* **YOUR ASSIGNMENT**
Once you reach the line containing "declare bc_beta.simps [simp del]", reproduce it and every later line exactly, through the end of the data.

* **DATA FOR THIS EXERCISE**
(* Let $P_n(x)=\sum_{k=0}^{n}\frac{(q^{-n},q^{n+1};q)_k\,(q(1+(q-1)x);q)_k\,q^k}{(q,q,q;q)_k}$ for $n\ge 0$ (this is the $q$-Hahn type family ${}_3\phi_2\!\left(q^{-n},q^{c+d+n+1},q(1+(q-1)x);q^{c+1},q^{d+1};q,q\right)$ with $c=d=0$). Then the $q$-Bernoulli–Carlitz numbers $(\beta_n)_{n\ge0}$ are the moments of the orthogonal polynomials $(P_n)_{n\ge 0}$.
   Context: $q$ is an indeterminate; we work over $\mathbb{Q}(q)$. The $q$-Bernoulli–Carlitz numbers $\beta_n\in\mathbb{Q}(q)$ are defined by: for all $n\ge0$, $q\sum_{k=0}^{n}\binom{n}{k}q^k\beta_k-\beta_n$ equals $q-1$ if $n=0$, $1$ if $n=1$, and $0$ if $n>1$ (so $\beta_0=1$, $\beta_1=-1/(q+1)$). The $q$-Pochhammer symbol is $(a;q)_k=(1-a)(1-qa)\cdots(1-q^{k-1}a)$ and $(a_1,\dots,a_r;q)_k=\prod_i(a_i;q)_k$. A sequence $(m_n)_{n\ge0}$ with $m_0=1$ is called the sequence of moments of a family of polynomials $(P_n)_{n\ge0}$ ($\deg P_n=n$) if the linear functional $L$ on $\mathbb{Q}(q)[x]$ with $L(x^n)=m_n$ makes the family orthogonal: $L(P_mP_n)=0$ for $m\ne n$ and $L(P_n^2)\neq0$. *)

theory Defs
  imports "HOL-Computational_Algebra.Polynomial" "HOL-Computational_Algebra.Fraction_Field"
begin

type_synonym qrat = "rat poly fract"

definition qv :: qrat where
  "qv = Fract [:0, 1:] 1"

definition qpoch :: "'a::comm_ring_1 \<Rightarrow> 'a \<Rightarrow> nat \<Rightarrow> 'a" where
  "qpoch a b k = (\<Prod>j<k. 1 - b ^ j * a)"

definition bc_rhs :: "nat \<Rightarrow> qrat" where
  "bc_rhs n = (if n = 0 then qv - 1 else if n = 1 then 1 else 0)"

text \<open>q-Bernoulli-Carlitz numbers: the relation
  q * sum_{k=0}^n C(n,k) q^k beta_k - beta_n = bc_rhs n
  solved for beta_n (the coefficient of beta_n is q^(n+1) - 1, nonzero).\<close>
fun bc_beta :: "nat \<Rightarrow> qrat" where
  "bc_beta n = (bc_rhs n - qv * (\<Sum>k<n. of_nat (n choose k) * qv ^ k * bc_beta k))
                / (qv ^ (n + 1) - 1)"

declare bc_beta.simps [simp del]

definition moment_functional :: "(nat \<Rightarrow> 'a::comm_ring_1) \<Rightarrow> 'a poly \<Rightarrow> 'a" where
  "moment_functional m p = (\<Sum>i\<le>degree p. coeff p i * m i)"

* **REPLY**
declare bc_beta.simps [simp del]

definition moment_functional :: "(nat \<Rightarrow> 'a::comm_ring_1) \<Rightarrow> 'a poly \<Rightarrow> 'a" where
  "moment_functional m p = (\<Sum>i\<le>degree p. coeff p i * m i)"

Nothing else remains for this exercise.